You should also note that this bill makes not only is the registrant of the domain name liable, but “the registrant’s authorized licensee, agent, affiliate, representative, domain name registrar, domain name registry, or other domain name registration authority that knowingly and actively assists a violation of this chapter by the registrant.” (just like Safenames got fined for in France)
CADNA understands that if this bill passes in Utah is has national and federal implications.
As we told you in back December, this bill is just the first step in getting a federal law passed akin to the Snowe Bill of 2008.
Here are the comments of Josh Bourne, President of CADNA about the Utah Law:
“””If the Utah E-Commerce Integrity Act becomes law, it will pave the way for serious consideration at the federal level for similar changes”

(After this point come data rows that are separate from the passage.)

(* Let $I$ be a compact interval and $f:I\to\mathcal{K}(\mathbb{R})$ a continuous set-valued function such that $\dim_A(\mathcal{G}(f))>1$. Then $\dim_A\Delta(\mathcal{G}(f))=1$.
   Context: $\mathcal{K}(\mathbb{R})$: non-empty compact subsets of $\mathbb{R}$ with the Hausdorff distance. $\mathcal{G}(f)=\{(x,y)\in I\times\mathbb{R}:y\in f(x)\}\subseteq\mathbb{R}^2$, and $\Delta(\mathcal{G}(f))=\{|x-x_*|+|y-y_*|:x,x_*\in I,\ y\in f(x),\ y_*\in f(x_* )\}$. $\dim_A$ denotes Assouad dimension. *)

theory Defs
  imports "HOL-Analysis.Analysis"
begin

definition hausdorff_dist :: "'a::metric_space set \<Rightarrow> 'a set \<Rightarrow> real" where
  "hausdorff_dist A B = max (SUP a\<in>A. infdist a B) (SUP b\<in>B. infdist b A)"

definition hausdorff_continuous_on :: "real set \<Rightarrow> (real \<Rightarrow> real set) \<Rightarrow> bool" where
  "hausdorff_continuous_on I f \<longleftrightarrow>
     (\<forall>x\<in>I. \<forall>e>0. \<exists>d>0. \<forall>y\<in>I. \<bar>y - x\<bar> < d \<longrightarrow> hausdorff_dist (f y) (f x) < e)"

definition assouad_dim :: "'a::euclidean_space set \<Rightarrow> real" where
  "assouad_dim F = Inf {s. s \<ge> 0 \<and> (\<exists>C>0. \<forall>x\<in>F. \<forall>R r. 0 < r \<longrightarrow> r < R \<longrightarrow>
      (\<exists>A. finite A \<and> F \<inter> ball x R \<subseteq> (\<Union>a\<in>A. cball a r) \<and>
           real (card A) \<le> C * (R / r) powr s))}"

definition graph_sv :: "real set \<Rightarrow> (real \<Rightarrow> real set) \<Rightarrow> (real \<times> real) set" where
  "graph_sv I f = {(x, y). x \<in> I \<and> y \<in> f x}"

definition l1_distance_set :: "(real \<times> real) set \<Rightarrow> real set" where
  "l1_distance_set G = {\<bar>x - x'\<bar> + \<bar>y - y'\<bar> | x y x' y'. (x, y) \<in> G \<and> (x', y') \<in> G}"

end

theory Submission
  imports Defs
begin

text \<open>A subset of an isometric copy of the line has Assouad dimension at most 1, since a ball of
  radius \<open>R\<close> on a line is covered by \<open>2R/r\<close> balls of radius \<open>r\<close>.  If a set of reals contains an
  interval, its dimension is exactly 1: \<open>N\<close> points of the interval with spacing \<open>3r\<close> lie in a
  ball of radius \<open>3Nr\<close> and no \<open>r\<close>-ball contains two of them, so \<open>N \<le> C (3N)\<^sup>s\<close> for all \<open>N\<close>,
  forcing \<open>s \<ge> 1\<close>.
  If \<open>a = b\<close>, the graph lies on a vertical line, which the hypothesis \<open>dim\<^sub>A > 1\<close> excludes.  If
  \<open>a < b\<close>, fix \<open>y\<^sub>0 \<in> f(a)\<close>: the map \<open>x \<mapsto> (x - a) + d(y\<^sub>0, f(x))\<close> is continuous, vanishes at \<open>a\<close>,
  is at least \<open>b - a\<close> at \<open>b\<close>, and its values are \<open>\<ell>\<^sub>1\<close>-distances from \<open>(a, y\<^sub>0)\<close> to points of the
  graph.  So the distance set contains the interval \<open>[0, b - a]\<close>.\<close>

definition assouad_bound :: "'a::metric_space set \<Rightarrow> real \<Rightarrow> real \<Rightarrow> bool" where
  "assouad_bound F C s \<longleftrightarrow> (\<forall>x\<in>F. \<forall>R r. 0 < r \<longrightarrow> r < R \<longrightarrow>
     (\<exists>A. finite A \<and> F \<inter> ball x R \<subseteq> (\<Union>a\<in>A. cball a r) \<and> real (card A) \<le> C * (R / r) powr s))"

lemma assouad_dim_altdef: "assouad_dim F = Inf {s. 0 \<le> s \<and> (\<exists>C>0. assouad_bound F C s)}"
  by (simp add: assouad_dim_def assouad_bound_def)

lemma assouad_dim_le:
  assumes "0 \<le> s" "0 < C" "assouad_bound F C s"
  shows "assouad_dim F \<le> s"
  unfolding assouad_dim_altdef using assms by (intro cInf_lower bdd_belowI[of _ 0]) auto

lemma cover_ball_real:
  fixes c R r :: real
  assumes "0 < r" "r < R"
  obtains A where "finite A" "ball c R \<subseteq> (\<Union>a\<in>A. cball a r)" "real (card A) \<le> 2 * (R / r)"
proof
  define n where "n = nat \<lceil>R / r\<rceil>"
  define A where "A = (\<lambda>k::nat. c - R + r + 2 * r * real k) ` {..<n}"
  have n: "R / r \<le> real n" "real n \<le> R / r + 1"
    using assms by (simp_all add: n_def)
  show "finite A" by (simp add: A_def)
  have "real (card A) \<le> real n"
    unfolding A_def using card_image_le[of "{..<n}"] by (simp add: of_nat_le_iff)
  also have "\<dots> \<le> 2 * (R / r)"
    using n assms by (simp add: field_simps)
  finally show "real (card A) \<le> 2 * (R / r)" .
  show "ball c R \<subseteq> (\<Union>a\<in>A. cball a r)"
  proof
    fix t assume "t \<in> ball c R"
    then have t: "c - R < t" "t < c + R" by (auto simp: dist_real_def)
    define v where "v = (t - (c - R)) / (2 * r)"
    define k where "k = nat \<lfloor>v\<rfloor>"
    have "0 \<le> v" using t assms by (simp add: v_def)
    then have kv: "real k \<le> v" "v < real k + 1" by (simp_all add: k_def)
    have "v < (2 * R) / (2 * r)"
      unfolding v_def using t assms by (intro divide_strict_right_mono) auto
    then have "v < R / r" by simp
    then have "k < n" using kv n by linarith
    have "2 * r * real k \<le> 2 * r * v" "2 * r * v < 2 * r * (real k + 1)"
      using kv assms by simp_all
    moreover have "2 * r * v = t - (c - R)" using assms by (simp add: v_def)
    ultimately have "dist t (c - R + r + 2 * r * real k) \<le> r"
      by (simp add: dist_real_def algebra_simps)
    with \<open>k < n\<close> show "t \<in> (\<Union>a\<in>A. cball a r)"
      unfolding A_def by (auto simp: dist_commute)
  qed
qed

lemma assouad_bound_isometric_line:
  fixes e :: "real \<Rightarrow> 'a::metric_space"
  assumes isometry: "\<And>u v. dist (e u) (e v) = dist u v" and "F \<subseteq> range e"
  shows "assouad_bound F 2 1"
  unfolding assouad_bound_def
proof (intro ballI allI impI)
  fix x and R r :: real assume "x \<in> F" and r: "0 < r" "r < R"
  then obtain t where t: "x = e t" using assms(2) by blast
  obtain A where A: "finite A" "ball t R \<subseteq> (\<Union>a\<in>A. cball a r)" "real (card A) \<le> 2 * (R / r)"
    using cover_ball_real[OF r] .
  have "F \<inter> ball x R \<subseteq> (\<Union>a\<in>e ` A. cball a r)"
  proof
    fix y assume y: "y \<in> F \<inter> ball x R"
    then obtain u where u: "y = e u" using assms(2) by blast
    then have "u \<in> ball t R" using y t isometry by simp
    then obtain a where "a \<in> A" "dist a u \<le> r" using A(2) by auto
    then show "y \<in> (\<Union>a\<in>e ` A. cball a r)" using u isometry by auto
  qed
  moreover have "real (card (e ` A)) \<le> 2 * (R / r) powr 1"
    using A(3) card_image_le[OF A(1), of e] r by simp
  ultimately show "\<exists>A. finite A \<and> F \<inter> ball x R \<subseteq> (\<Union>a\<in>A. cball a r) \<and>
      real (card A) \<le> 2 * (R / r) powr 1"
    using A(1) by blast
qed

lemma assouad_dim_isometric_line_le_one:
  fixes e :: "real \<Rightarrow> 'a::euclidean_space"
  assumes "\<And>u v. dist (e u) (e v) = dist u v" "F \<subseteq> range e"
  shows "assouad_dim F \<le> 1"
  using assouad_bound_isometric_line[OF assms] by (rule assouad_dim_le[rotated 2]) auto

lemma card_le_card_cover_separated:
  fixes P :: "'a::metric_space set"
  assumes "finite A" "P \<subseteq> (\<Union>a\<in>A. cball a r)"
    and separated: "\<And>p q. p \<in> P \<Longrightarrow> q \<in> P \<Longrightarrow> p \<noteq> q \<Longrightarrow> 2 * r < dist p q"
  shows "card P \<le> card A"
proof -
  define g where "g p = (SOME a. a \<in> A \<and> p \<in> cball a r)" for p
  have g: "g p \<in> A \<and> dist p (g p) \<le> r" if p: "p \<in> P" for p
  proof -
    obtain a where "a \<in> A \<and> p \<in> cball a r" using p assms(2) by blast
    then have "g p \<in> A \<and> p \<in> cball (g p) r" unfolding g_def by (rule someI)
    then show ?thesis by (simp add: dist_commute)
  qed
  have "inj_on g P"
  proof (rule inj_onI)
    fix p q assume pq: "p \<in> P" "q \<in> P" "g p = g q"
    then have "dist p q \<le> 2 * r"
      using g[OF pq(1)] g[OF pq(2)] dist_triangle[of p q "g p"] by (simp add: dist_commute)
    then show "p = q" using separated[OF pq(1,2)] by (meson not_less)
  qed
  then show ?thesis using g assms(1) by (intro card_inj_on_le) auto
qed

lemma sublinear_powr_less_nat:
  fixes C K s :: real
  assumes "s < 1" "0 \<le> K"
  obtains N :: nat where "0 < N" "C * (K * real N) powr s < real N"
proof -
  have "((\<lambda>N. C * K powr s * real N powr (s - 1)) \<longlongrightarrow> 0) sequentially"
    using assms by (intro tendsto_mult_right_zero tendsto_neg_powr filterlim_real_sequentially) simp_all
  then have "\<forall>\<^sub>F N in sequentially. C * K powr s * real N powr (s - 1) < 1"
    by (rule order_tendstoD) simp
  then obtain M where M: "\<forall>N\<ge>M. C * K powr s * real N powr (s - 1) < 1"
    unfolding eventually_sequentially by blast
  define N where "N = Suc M"
  have "0 < N" and N: "C * K powr s * real N powr (s - 1) < 1"
    using M[rule_format, of N] by (simp_all add: N_def)
  have "C * (K * real N) powr s = C * K powr s * real N powr (s - 1) * real N"
    using \<open>0 < N\<close> assms(2) by (simp add: powr_mult powr_diff)
  also have "\<dots> < real N" using N \<open>0 < N\<close> by simp
  finally show thesis using \<open>0 < N\<close> that by blast
qed

lemma card_cover_interval_ge:
  fixes c r :: real and N :: nat
  assumes "0 < r" "finite A" "{c..<c + 3 * r * N} \<subseteq> (\<Union>a\<in>A. cball a r)"
  shows "N \<le> card A"
proof -
  define P where "P = (\<lambda>k. c + 3 * r * real k) ` {..<N}"
  have "inj_on (\<lambda>k. c + 3 * r * real k) {..<N}"
    using assms(1) by (intro inj_onI) simp
  then have card_P: "card P = N" by (simp add: P_def card_image)
  have "card P \<le> card A"
  proof (rule card_le_card_cover_separated[OF assms(2)])
    have "c + 3 * r * real k \<in> {c..<c + 3 * r * N}" if "k < N" for k
      using assms(1) that by simp
    then show "P \<subseteq> (\<Union>a\<in>A. cball a r)" using assms(3) by (auto simp: P_def)
    fix p q assume "p \<in> P" "q \<in> P" "p \<noteq> q"
    then obtain i j :: nat where ij: "p = c + 3 * r * real i" "q = c + 3 * r * real j" "i \<noteq> j"
      by (auto simp: P_def)
    then have "1 \<le> \<bar>real i - real j\<bar>" by linarith
    then have "3 * r \<le> 3 * r * \<bar>real i - real j\<bar>"
      using assms(1) mult_left_mono[of 1 _ "3 * r"] by simp
    also have "\<dots> = dist p q"
      using assms(1) ij(1,2) by (simp add: dist_real_def abs_mult right_diff_distrib[symmetric])
    finally show "2 * r < dist p q" using assms(1) by linarith
  qed
  with card_P show ?thesis by simp
qed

“Once the United States Congress understands that legislative changes similar to that proposed by Senator Urquhart are good for both businesses and consumers and are especially needed due to our difficult economic times, there should be broad bipartisan support on Capitol Hill.”
“”CADNA is specifically encouraged by the text that expands the liability for cybersquatting activity to include the registrant’s authorized licensee, agent, affiliate, representative, domain name registrar, domain name registry, or other domain name registration authority that knowingly and actively assists a violation of this Act by the registrant.””
This is the usual place in the post where I would plead with you to join and contribute the mighty sum of $295, to the ICA to fight, but that option is now gone, so everyone your on your own.
For all of those that accused me of just using scare tactics talking about a bill that would never pass, notice that this one literally flew through Utah passing in less than 4 months from its introduction with no opposition from any domainer group.
The ICA had no funding to fight this bill.
If your a domainer and live in Utah you better think about relocating, and fast.
This bill has an effective date of July 1, 2010.
Of course if the bill goes national as CADNA is already working hard on, your relocation plans may have to widen.